As with their previous titles, we will be looking at the five bundled games, which include: Quiplash 3, The Devils and the Details, Champ’d Up, Talking Points, and Blather ‘Round.
An old favorite returns once more! The basic premise of this title, if unfamiliar, is to out quip your opponent. Prompts are given prior to the start of the round, and it is up to you to come up with what will hopefully be deemed as the funniest answer. Answers battle it out head to head, one quip versus one quip, while those whose answers are not featured yet get to cast votes for the ones currently on screen. This series has been one of our favorites since the original launched as a standalone title. This time around, the animations are claymation style which fits the goofy appeal. As always, some great host narrations and prompts are present. You can also create your own prompts, as well as play what seems to be a rotation of developer created prompt sets with different themes (like Halloween for instance). A major change we noticed was the final round, which has you answer a multi-tiered prompt, which also gets put against another’s answers. This diverts from the usual round 3 endgame which would typically see everyone’s prompts against each other, with each player awarding 3 medals to their favorites in the appropriate order. I did NOT like the new 3rd round though, especially in an odd numbered group, as someone will have to face the computer, which (humor dependent) can be easy to catch. It just doesn’t stand out as a finale in my eyes, taking a step back for the series from where I am standing. Regardless of that, I still say it is a safe and easily accessible option for most groups, and still leads to loads of laughs.

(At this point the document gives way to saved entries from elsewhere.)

lemma increment_estimate_partials:
  fixes f fx fy :: "complex \<Rightarrow> complex" and a b :: real
  assumes dy: "\<And>t. \<bar>t\<bar> \<le> \<bar>b\<bar> \<Longrightarrow>
      dy f (z + of_real a + \<i> * of_real t) (fy (z + of_real a + \<i> * of_real t))"
    and fy: "\<And>t. \<bar>t\<bar> \<le> \<bar>b\<bar> \<Longrightarrow> norm (fy (z + of_real a + \<i> * of_real t) - fy z) \<le> B"
  shows "norm (f (z + of_real a + \<i> * of_real b) - f z - (a *\<^sub>R fx z + b *\<^sub>R fy z))
           \<le> norm (f (z + of_real a) - f z - a *\<^sub>R fx z) + 3 * B * \<bar>b\<bar>"
proof -
  define w where "w = z + of_real a"
  have seg: "\<bar>t\<bar> \<le> \<bar>b\<bar>" if "t \<in> closed_segment 0 b" for t
    using that by (auto simp: closed_segment_real_eq abs_mult mult_left_le)
  have shift: "norm (fy w - fy z) \<le> B" using fy[of 0] by (simp add: w_def)
  have "norm (fy (w + \<i> * of_real t) - fy w) \<le> 2 * B" if "\<bar>t\<bar> \<le> \<bar>b\<bar>" for t
    using fy[OF that] shift norm_triangle_ineq4[of "fy (w + \<i> * of_real t) - fy z" "fy w - fy z"]
    by (simp add: w_def)
  then have vertical: "norm (f (w + \<i> * of_real b) - f w - b *\<^sub>R fy w) \<le> 2 * B * \<bar>b\<bar>"
    using dy seg dy_increment_bound[of b f w fy "2 * B"] unfolding w_def by (simp add: mult.commute)
  have "norm (b *\<^sub>R fy w - b *\<^sub>R fy z) \<le> B * \<bar>b\<bar>"
    using mult_left_mono[OF shift, of "\<bar>b\<bar>"] by (simp add: mult.commute flip: scaleR_diff_right)
  moreover have "norm (f (w + \<i> * of_real b) - f z - (a *\<^sub>R fx z + b *\<^sub>R fy z)) \<le>
      norm (f (w + \<i> * of_real b) - f w - b *\<^sub>R fy w) + norm (b *\<^sub>R fy w - b *\<^sub>R fy z)
      + norm (f w - f z - a *\<^sub>R fx z)"
    by (rule order_trans[OF _ add_right_mono[OF norm_triangle_ineq]], rule order_trans[OF _ norm_triangle_ineq])
      (simp add: w_def algebra_simps)
  ultimately show ?thesis
    using vertical unfolding w_def[symmetric] by linarith
qed

(* Only fy needs to be continuous: the increment is split into a horizontal step, controlled by
   dx at z, and a vertical segment, controlled by the mean value inequality for dy. *)
lemma has_derivative_if_dx_continuous_dy:
  fixes f fx fy :: "complex \<Rightarrow> complex"
  assumes "open S" "z \<in> S" and dx: "dx f z (fx z)"
    and dy: "\<And>w. w \<in> S \<Longrightarrow> dy f w (fy w)" and cont: "continuous_on S fy"
  shows "(f has_derivative (\<lambda>h. Re h *\<^sub>R fx z + Im h *\<^sub>R fy z)) (at z)"
  unfolding has_derivative_at_alt
proof (intro conjI allI impI)
  show "bounded_linear (\<lambda>h. Re h *\<^sub>R fx z + Im h *\<^sub>R fy z)"
    by (intro bounded_linear_intros bounded_linear_Re bounded_linear_Im)
  fix e :: real assume "e > 0"
  define e' where "e' = e / 4"
  have "e' > 0" using \<open>e > 0\<close> by (simp add: e'_def)
  have "((\<lambda>t::real. f (z + of_real t)) has_derivative (\<lambda>t. t *\<^sub>R fx z)) (at 0)"
    using dx unfolding dx_def has_vector_derivative_def .
  then obtain d1 where "d1 > 0" and
    d1: "\<And>a::real. \<bar>a\<bar> < d1 \<Longrightarrow> norm (f (z + of_real a) - f z - a *\<^sub>R fx z) \<le> e' * \<bar>a\<bar>"
    unfolding has_derivative_at_alt using \<open>e' > 0\<close> by fastforce
  have "isCont fy z" using cont assms(1,2) by (simp add: continuous_on_eq_continuous_at)
  then obtain d2 where "d2 > 0" and d2: "\<And>w. dist w z < d2 \<Longrightarrow> norm (fy w - fy z) < e'"
    unfolding continuous_at_eps_delta dist_norm using \<open>e' > 0\<close> by blast
  obtain d3 where "d3 > 0" and d3: "ball z d3 \<subseteq> S" using assms(1,2) open_contains_ball by blast
  show "\<exists>d>0. \<forall>y. norm (y - z) < d \<longrightarrow>
          norm (f y - f z - (Re (y - z) *\<^sub>R fx z + Im (y - z) *\<^sub>R fy z)) \<le> e * norm (y - z)"
  proof (intro exI[of _ "min d1 (min d2 d3)"] conjI allI impI)
    show "min d1 (min d2 d3) > 0" using \<open>d1 > 0\<close> \<open>d2 > 0\<close> \<open>d3 > 0\<close> by simp
    fix y assume y: "norm (y - z) < min d1 (min d2 d3)"
    define a where "a = Re (y - z)"
    define b where "b = Im (y - z)"
    have ab: "\<bar>a\<bar> \<le> norm (y - z)" "\<bar>b\<bar> \<le> norm (y - z)"
      unfolding a_def b_def by (metis abs_Re_le_cmod, metis abs_Im_le_cmod)
    have near: "dist (z + of_real a + \<i> * of_real t) z < min d2 d3" if "\<bar>t\<bar> \<le> \<bar>b\<bar>" for t
    proof -
      have "dist (z + of_real a + \<i> * of_real t) z = norm (Complex a t)"
        by (simp add: dist_norm complex_eq_iff cmod_def)
      also have "\<dots> \<le> norm (Complex a b)" using that by (simp add: cmod_def abs_le_square_iff)
      also have "\<dots> = norm (y - z)" by (simp add: a_def b_def cmod_def)
      finally show ?thesis using y by simp
    qed
    have "y = z + of_real a + \<i> * of_real b" by (simp add: a_def b_def complex_eq_iff)
    then have "norm (f y - f z - (a *\<^sub>R fx z + b *\<^sub>R fy z))
        \<le> norm (f (z + of_real a) - f z - a *\<^sub>R fx z) + 3 * e' * \<bar>b\<bar>"
    proof (simp only:, intro increment_estimate_partials)
      fix t assume "\<bar>t\<bar> \<le> \<bar>b\<bar>"
      then have "dist (z + of_real a + \<i> * of_real t) z < d2" "z + of_real a + \<i> * of_real t \<in> S"
        using near d3 by (auto simp: dist_commute)
      then show "dy f (z + of_real a + \<i> * of_real t) (fy (z + of_real a + \<i> * of_real t))"
        "norm (fy (z + of_real a + \<i> * of_real t) - fy z) \<le> e'"
        using dy d2 less_imp_le by blast+
    qed
    also have "\<dots> \<le> e' * \<bar>a\<bar> + 3 * e' * \<bar>b\<bar>" using d1 y ab(1) by simp
    also have "\<dots> \<le> e * norm (y - z)"
      using mult_left_mono[OF ab(1), of e] mult_left_mono[OF ab(2), of e] \<open>e > 0\<close>
      unfolding e'_def by linarith
    finally show "norm (f y - f z - (Re (y - z) *\<^sub>R fx z + Im (y - z) *\<^sub>R fy z)) \<le> e * norm (y - z)"
      by (simp add: a_def b_def)
  qed
qed

lemma harmonic_onE:
  assumes "harmonic_on f S"
  obtains fx fy fxx fxy fyx fyy where
    "\<And>w. w \<in> S \<Longrightarrow> (f has_derivative (\<lambda>h. Re h *\<^sub>R fx w + Im h *\<^sub>R fy w)) (at w)"
    "\<And>w. w \<in> S \<Longrightarrow> (fx has_derivative (\<lambda>h. Re h *\<^sub>R fxx w + Im h *\<^sub>R fxy w)) (at w)"
    "\<And>w. w \<in> S \<Longrightarrow> (fy has_derivative (\<lambda>h. Re h *\<^sub>R fyx w + Im h *\<^sub>R fyy w)) (at w)"
    "\<And>w. w \<in> S \<Longrightarrow> fxx w + fyy w = 0"
    "continuous_on S f" "continuous_on S fx" "continuous_on S fy"
    "continuous_on S fxx" "continuous_on S fxy" "continuous_on S fyx" "continuous_on S fyy"
proof -
  obtain fx fy fxx fxy fyx fyy where
    P: "\<forall>z\<in>S. dx f z (fx z) \<and> dy f z (fy z) \<and> dx fx z (fxx z) \<and> dy fx z (fxy z) \<and>
              dx fy z (fyx z) \<and> dy fy z (fyy z) \<and> fxx z + fyy z = 0" and
    C: "continuous_on S f" "continuous_on S fx" "continuous_on S fy"
       "continuous_on S fxx" "continuous_on S fxy" "continuous_on S fyx" "continuous_on S fyy"
    and "open S"
    using assms unfolding harmonic_on_def by blast
  show ?thesis
    by (rule that[of fx fy fxx fxy fyx fyy])
      (use P C \<open>open S\<close> in \<open>auto intro!: has_derivative_if_dx_continuous_dy[of S]\<close>)
qed

lemma harmonic_onI_has_derivative:
  assumes "open S"
    and "\<And>z. z \<in> S \<Longrightarrow> (f has_derivative Df z) (at z)"
    and "\<And>z. z \<in> S \<Longrightarrow> (fx has_derivative Dfx z) (at z)"
    and "\<And>z. z \<in> S \<Longrightarrow> (fy has_derivative Dfy z) (at z)"
    and "\<And>z. z \<in> S \<Longrightarrow> Df z 1 = fx z \<and> Df z \<i> = fy z"
    and "\<And>z. z \<in> S \<Longrightarrow> Dfx z 1 + Dfy z \<i> = 0"
    and "continuous_on S f" "continuous_on S fx" "continuous_on S fy"
    and "continuous_on S (\<lambda>z. Dfx z 1)" "continuous_on S (\<lambda>z. Dfx z \<i>)"
    and "continuous_on S (\<lambda>z. Dfy z 1)" "continuous_on S (\<lambda>z. Dfy z \<i>)"
  shows "harmonic_on f S"
proof -
  have partials: "dx f z (fx z) \<and> dy f z (fy z) \<and> dx fx z (Dfx z 1) \<and> dy fx z (Dfx z \<i>) \<and>
        dx fy z (Dfy z 1) \<and> dy fy z (Dfy z \<i>) \<and> Dfx z 1 + Dfy z \<i> = 0" if "z \<in> S" for z
    using has_derivative_imp_dx_dy[OF assms(2)[OF that]] has_derivative_imp_dx_dy[OF assms(3)[OF that]]
      has_derivative_imp_dx_dy[OF assms(4)[OF that]] assms(5,6)[OF that] by simp
  show ?thesis
    unfolding harmonic_on_def
    by (rule conjI[OF assms(1)], rule exI[of _ fx], rule exI[of _ fy],
        rule exI[of _ "\<lambda>z. Dfx z 1"], rule exI[of _ "\<lambda>z. Dfx z \<i>"],
        rule exI[of _ "\<lambda>z. Dfy z 1"], rule exI[of _ "\<lambda>z. Dfy z \<i>"]) (use partials assms(7-) in blast)
qed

The Devils and the Details:
Looking to play on the same team for once? Try out The Devils in the Details, which puts players into an unorthodox family of devils trying to blend in with human society. To do that, they need to do mundane tasks like wash the car, order that birthday cake, help with homework, and whatever else we meat sacks routinely do with our little spare time. Players need to work through three days of hell on earth to mirror the perfect family, accomplishing tasks from completing a to-do list that is ever changing with timed solo and group tasks. Certain tasks are for certain family roles, like parents, teens, or children, and will add to the variety if you switch up your role between sessions. There is a week-long group goal that needs very specific tasks done over the course of the three days to help with the final grade, while accomplishing your regular tasks will help your family complete the week without getting yelled at by the big man downstairs. You can also do selfish deeds, which help with your personal score (which you earn by completing tasks in general). If you are looking to “win”, this is how you technically do it from a solo standpoint, but if too many of these tasks are done by players, it can lead to an overall failure. Thankfully, if family members notice during someone doing a selfish task, you can interject to try and stop them.

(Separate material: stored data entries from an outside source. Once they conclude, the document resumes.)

text \<open>Level homogeneity: to pass from level \<open>m + 1\<close> to \<open>-1\<close>, the chain first passes from
  \<open>m + 1\<close> to \<open>m\<close>, which takes as long as passing from \<open>0\<close> to \<open>-1\<close>.\<close>

lemma passage_Suc_level:
  assumes "i < n" "j < n"
  shows "passage k (Suc m) i j = (\<Sum>a\<le>k. \<Sum>r<n. passage a 0 i r * passage (k - a) m r j)"
  using assms
proof (induction k arbitrary: m i j rule: less_induct)
  case (less k)
  let ?D = "passage"
  show ?case
  proof (cases k)
    case (Suc k')
    have ij: "i < n" "j < n" using less.prems by auto
    have IH: "\<And>a m i j. a \<le> k' \<Longrightarrow> i < n \<Longrightarrow> j < n \<Longrightarrow>
        ?D a (Suc m) i j = (\<Sum>b\<le>a. \<Sum>r<n. ?D b 0 i r * ?D (a - b) m r j)"
      using less.IH Suc by auto
    have "(\<Sum>a\<le>k. \<Sum>r<n. ?D a 0 i r * ?D (k - a) m r j)
        = (\<Sum>a\<le>k'. \<Sum>r<n. ?D (Suc a) 0 i r * ?D (k' - a) m r j)"
      unfolding Suc by (subst sum.atMost_Suc_shift) simp
    also have "\<dots> = (\<Sum>a\<le>k'. \<Sum>r<n. ((if a = 0 then Lm $$ (i,r) else 0)
         + (\<Sum>i'<n. L0 $$ (i,i') * ?D a 0 i' r) + (\<Sum>i'<n. L1 $$ (i,i') * ?D a (Suc 0) i' r)) * ?D (k' - a) m r j)"
      using ij by (intro sum.cong refl) (simp add: passage_Suc)
    also have "\<dots> = (\<Sum>a\<le>k'. \<Sum>r<n. (if a = 0 then Lm $$ (i,r) else 0) * ?D (k' - a) m r j)
        + (\<Sum>a\<le>k'. \<Sum>r<n. (\<Sum>i'<n. L0 $$ (i,i') * ?D a 0 i' r) * ?D (k' - a) m r j)
        + (\<Sum>a\<le>k'. \<Sum>r<n. (\<Sum>i'<n. L1 $$ (i,i') * ?D a (Suc 0) i' r) * ?D (k' - a) m r j)"
      by (simp add: distrib_right sum.distrib)
    also have "(\<Sum>a\<le>k'. \<Sum>r<n. (if a = 0 then Lm $$ (i,r) else 0) * ?D (k' - a) m r j)
        = (\<Sum>i'<n. Lm $$ (i,i') * ?D k' m i' j)"
    proof -
      have "(\<Sum>a\<le>k'. \<Sum>r<n. (if a = 0 then Lm $$ (i,r) else 0) * ?D (k' - a) m r j)
         = (\<Sum>a\<le>k'. if a = 0 then (\<Sum>r<n. Lm $$ (i,r) * ?D (k' - a) m r j) else 0)"
        by (intro sum.cong refl) auto
      then show ?thesis by (simp add: sum.delta)
    qed
    also have "(\<Sum>a\<le>k'. \<Sum>r<n. (\<Sum>i'<n. L0 $$ (i,i') * ?D a 0 i' r) * ?D (k' - a) m r j)
        = (\<Sum>i'<n. L0 $$ (i,i') * ?D k' (Suc m) i' j)"
    proof -
      have "(\<Sum>a\<le>k'. \<Sum>r<n. (\<Sum>i'<n. L0 $$ (i,i') * ?D a 0 i' r) * ?D (k' - a) m r j)
          = (\<Sum>i'<n. L0 $$ (i,i') * (\<Sum>a\<le>k'. \<Sum>r<n. ?D a 0 i' r * ?D (k' - a) m r j))"
        by (simp add: sum_distrib_right mult.assoc sum_swap_factor)
      also have "\<dots> = (\<Sum>i'<n. L0 $$ (i,i') * ?D k' (Suc m) i' j)"
        using IH ij by (intro sum.cong refl) auto
      finally show ?thesis .
    qed
    also have "(\<Sum>a\<le>k'. \<Sum>r<n. (\<Sum>i'<n. L1 $$ (i,i') * ?D a (Suc 0) i' r) * ?D (k' - a) m r j)
        = (\<Sum>i'<n. L1 $$ (i,i') * ?D k' (Suc (Suc m)) i' j)"
    proof -
      have "(\<Sum>a\<le>k'. \<Sum>r<n. (\<Sum>i'<n. L1 $$ (i,i') * ?D a (Suc 0) i' r) * ?D (k' - a) m r j)
          = (\<Sum>i'<n. L1 $$ (i,i') * (\<Sum>a\<le>k'. \<Sum>r<n. ?D a (Suc 0) i' r * ?D (k' - a) m r j))"
        by (simp add: sum_distrib_right mult.assoc sum_swap_factor)
      also have "\<dots> = (\<Sum>i'<n. L1 $$ (i,i') * ?D k' (Suc (Suc m)) i' j)"
      proof (rule sum.cong[OF refl])
        fix i' assume i': "i' \<in> {..<n}"
        have "(\<Sum>a\<le>k'. \<Sum>r<n. ?D a (Suc 0) i' r * ?D (k' - a) m r j)
           = (\<Sum>a\<le>k'. \<Sum>r<n. (\<Sum>c\<le>a. \<Sum>s<n. ?D c 0 i' s * ?D (a - c) 0 s r) * ?D (k' - a) m r j)"
          using IH i' by (intro sum.cong refl) auto
        also have "\<dots> = (\<Sum>c\<le>k'. \<Sum>s<n. ?D c 0 i' s * (\<Sum>b\<le>k' - c. \<Sum>r<n. ?D b 0 s r * ?D (k' - c - b) m r j))"
          by (rule sum_convolution_assoc)
        also have "\<dots> = (\<Sum>c\<le>k'. \<Sum>s<n. ?D c 0 i' s * ?D (k' - c) (Suc m) s j)"
          using IH ij by (intro sum.cong refl) auto
        also have "\<dots> = ?D k' (Suc (Suc m)) i' j"
          using IH ij i' by auto
        finally show "L1 $$ (i,i') * (\<Sum>a\<le>k'. \<Sum>r<n. ?D a (Suc 0) i' r * ?D (k' - a) m r j)
            = L1 $$ (i,i') * ?D k' (Suc (Suc m)) i' j"
          by simp
      qed
      finally show ?thesis .
    qed
    finally show ?thesis using Suc ij passage_Suc[OF ij, where k=k' and m="Suc m"] by simp
  qed simp
qed

definition passage_sum :: "nat \<Rightarrow> nat \<Rightarrow> nat \<Rightarrow> nat \<Rightarrow> real" where
  "passage_sum N m i j = (\<Sum>k<N. passage k m i j)"

lemma passage_sum_Suc:
  assumes "i < n" "j < n"
  shows "passage_sum (Suc N) m i j =
    (if N > 0 \<and> m = 0 then Lm $$ (i,j) else 0)
    + (if m \<ge> 1 then (\<Sum>i'<n. Lm $$ (i,i') * passage_sum N (m-1) i' j) else 0)
    + (\<Sum>i'<n. L0 $$ (i,i') * passage_sum N m i' j)
    + (\<Sum>i'<n. L1 $$ (i,i') * passage_sum N (m+1) i' j)"
proof -
  have "passage_sum (Suc N) m i j = (\<Sum>k<N. passage (Suc k) m i j)"
    unfolding passage_sum_def by (subst sum.lessThan_Suc_shift) simp
  also have "\<dots> = (\<Sum>k<N. (if k = 0 \<and> m = 0 then Lm $$ (i,j) else 0))
    + (\<Sum>k<N. (if m \<ge> 1 then (\<Sum>i'<n. Lm $$ (i,i') * passage k (m-1) i' j) else 0))
    + (\<Sum>k<N. (\<Sum>i'<n. L0 $$ (i,i') * passage k m i' j))
    + (\<Sum>k<N. (\<Sum>i'<n. L1 $$ (i,i') * passage k (m+1) i' j))"
    using assms by (simp add: passage_Suc sum.distrib)
  also have "(\<Sum>k<N. (if k = 0 \<and> m = 0 then Lm $$ (i,j) else 0)) = (if N > 0 \<and> m = 0 then Lm $$ (i,j) else 0)"
    by (cases "m = 0") (auto simp: sum.delta')
  also have "(\<Sum>k<N. (if m \<ge> 1 then (\<Sum>i'<n. Lm $$ (i,i') * passage k (m-1) i' j) else 0))
    = (if m \<ge> 1 then (\<Sum>i'<n. Lm $$ (i,i') * passage_sum N (m-1) i' j) else 0)"
    unfolding passage_sum_def by (cases "m \<ge> 1") (simp_all add: sum_swap_factor)
  finally show ?thesis
    unfolding passage_sum_def by (simp add: sum_swap_factor)
qed

definition passages_summable :: bool where
  "passages_summable \<longleftrightarrow> (\<forall>i<n. \<forall>j<n. summable (\<lambda>k. passage k 0 i j))"

lemma qbd_G_col_eq_0:
  assumes "\<forall>r<n. Lm $$ (r,j) = 0" "i < n" "j < n"
  shows "qbd_G n Lm L0 L1 $$ (i,j) = 0"
  using assms unfolding qbd_G_def by simp

end

locale nonneg_qbd = qbd +
  assumes carrier: "Lm \<in> carrier_mat n n" "L0 \<in> carrier_mat n n" "L1 \<in> carrier_mat n n"
    and nonneg: "nonneg_mat Lm" "nonneg_mat L0" "nonneg_mat L1"
begin

lemma blocks_nonneg:
  assumes "i < n" "j < n"
  shows "Lm $$ (i,j) \<ge> 0" "L0 $$ (i,j) \<ge> 0" "L1 $$ (i,j) \<ge> 0"
  using assms carrier nonneg unfolding nonneg_mat_def by auto

lemma passage_nonneg:
  assumes "i < n" "j < n"
  shows "passage k m i j \<ge> 0"
  using assms
proof (induction k arbitrary: m i j)
  case (Suc k)
  have "Lm $$ (i,i') * passage k (m-1) i' j \<ge> 0" "L0 $$ (i,i') * passage k m i' j \<ge> 0"
    "L1 $$ (i,i') * passage k (m+1) i' j \<ge> 0" if "i' < n" for i'
    using that Suc blocks_nonneg by simp_all
  then show ?case
    using Suc.prems blocks_nonneg[OF Suc.prems]
    unfolding passage_Suc[OF Suc.prems] by (auto intro!: add_nonneg_nonneg sum_nonneg)
qed simp

lemma passage_sum_nonneg: "i < n \<Longrightarrow> j < n \<Longrightarrow> passage_sum N m i j \<ge> 0"
  unfolding passage_sum_def by (simp add: passage_nonneg sum_nonneg)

This game requires a lot of vocal communication, which made it all the more hectic but enjoyable. There is something about the anxious awareness of it all that made it quite the experience honestly. Shouting which task you were taking on or pleading for help makes this one of the most actively engaging titles yet, so make sure everyone has the right mindset going into it. It has lots of well written humor that takes jabs at how simple life can be at times, and it is all presented in a great package. This also takes your phone as a controller concept to the next level, with many actions like rotations and swiping taking over from the traditional drawing or typing we are used to. I did notice that, with our game of four players, it was the most lag I have felt in one of their titles at times. Delays were pretty consistent, with tasks not starting or completing without me seeing the final page at times. But, nothing that kept us from having fun! Having a graded finale and rotating weekly objectives truly makes the group effort worth it.

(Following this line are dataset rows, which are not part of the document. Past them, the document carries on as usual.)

(* Let $(M,\mathcal{T})$ be a closed pseudo $3$-manifold with $v(e)\ge9$ for every $e\in E$. Let $\{l(t):t\in[0,\infty)\}\subset\mathbb{R}^E_{>0}$ be the solution of the extended Ricci flow with initial data $l^0\in(0,\operatorname{arccosh}2)^E$ satisfying $l^0_e\in(\operatorname{arccosh}(1+\mu_{v(e)}),\operatorname{arccosh}(b_{v(e)}))$ for all $e\in E$. If there exists $t_0>0$ with $\sup\{l_e(t):0\le t\le t_0,\ e\in E\}\le\operatorname{arccosh}2$, then for all $t\in[0,t_0]$ and all $e\in E$, $$l_e(t)\in[\operatorname{arccosh}(1+\mu_{v(e)}),\operatorname{arccosh}b_{v(e)}]\subset(0,\operatorname{arccosh}2].$$
   Context: A closed pseudo $3$-manifold $(M,\mathcal{T})$: a finite disjoint union $\widehat{\mathcal{T}}$ of tetrahedra with faces glued in pairs by affine homeomorphisms; $\mathcal{T}$ the quotient complex, $E$ its edge set, $P_E$ the quotient map on edges, $v(e)=|P_E^{-1}(e)|$. For an interval $I$, $I^E=\{l: l_e\in I\ \forall e\}$. For $l\in\mathbb{R}^E_{>0}$ each edge $\hat e$ of $\widehat{\mathcal{T}}$ gets length $l_{P_E(\hat e)}$; in a tetrahedron with vertices $i,j,k,h$ let $x_{ab}=\cosh$(length of $ab$) and $$\phi_{ij}=\frac{x_{ik}x_{ih}+x_{jk}x_{jh}+x_{ij}x_{ik}x_{jh}+x_{ij}x_{ih}x_{jk}-x_{ij}^2x_{kh}+x_{kh}}{\sqrt{2x_{ij}x_{ik}x_{jk}+x_{ij}^2+x_{ik}^2+x_{jk}^2-1}\sqrt{2x_{ij}x_{ih}x_{jh}+x_{ij}^2+x_{ih}^2+x_{jh}^2-1}},$$ dihedral angle $\alpha_{ij}=\arccos(\max\{-1,\min\{\phi_{ij},1\}\})$; $\widetilde K_e(l)=2\pi-\sum_{\hat e\in P_E^{-1}(e)}\alpha(\hat e)$. Extended Ricci flow: $\frac{d}{dt}l_e=\widetilde K_e(l)l_e$, $l(0)=l^0$ (unique solution for all $t\ge0$). Constants: $b_9=2$, $b_n=\frac{16}{1+\cos(2\pi/n)}-7$ ($n\ge10$). $\eta_\xi(y)=\frac{-2-5y+(1+\xi)^2+\sqrt{(2+5y-(1+\xi)^2)^2+4(2+y)(1-y)(1+\xi)^2}}{2+y}$; $\xi_1=0$, $\xi_{k+1}=\eta_{\xi_k}(\cos(2\pi/9))$, $\xi_\infty=\lim_k\xi_k$ (the sequence is nondecreasing and bounded); $\mu_n=\eta_{\xi_\infty}(\cos(2\pi/n))$ for $n\ge9$. *)

theory Defs
  imports "HOL-Analysis.Analysis"
begin

text \<open>A finite set T of tetrahedra; every tetrahedron has vertices 0,1,2,3.
  A face is a pair (t,k), meaning the face of t opposite to vertex k.
  The gluing is a fixed-point-free involution g on the set of faces together
  with, for every face f, the vertex bijection phi f from the vertices of f
  onto the vertices of g f (this determines the affine gluing map);
  phi (g f) is the inverse of phi f.  Closedness: every face is glued.\<close>

definition tet_faces :: "'a set \<Rightarrow> ('a \<times> nat) set" where
  "tet_faces T = {(t,k). t \<in> T \<and> k < 4}"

Every pack has to have its own drawing game, right? Champ’d Up ticks that box for JBPP7, bringing the next generation of drawing mayhem to our phone screens. The concept this time around is that you draw these underdog-esque mascots and have them face another for supreme victory. Like Quiplash before it, two drawings square off against each other while the players not currently involved on screen get to vote for the best. Things get extra interesting in this one when you get to see an opponent’s drawing and specifically draw a rival to face it, and even later you can swap out between your mascots depending on the “theme” of the later round battles. These features keep the round system more interesting, and definitely give you a little more to go on in terms of inspiration. I found this one to be more approachable as a drawing game, much like Tee K.O, as the battle system and absurdity of some drawings can really make it a riot. Groups that are not too keen on their artistic abilities may still find some fun here, but they really have to have some desire to physically create something during the session. Also, killer songs and avatars to be found in this one.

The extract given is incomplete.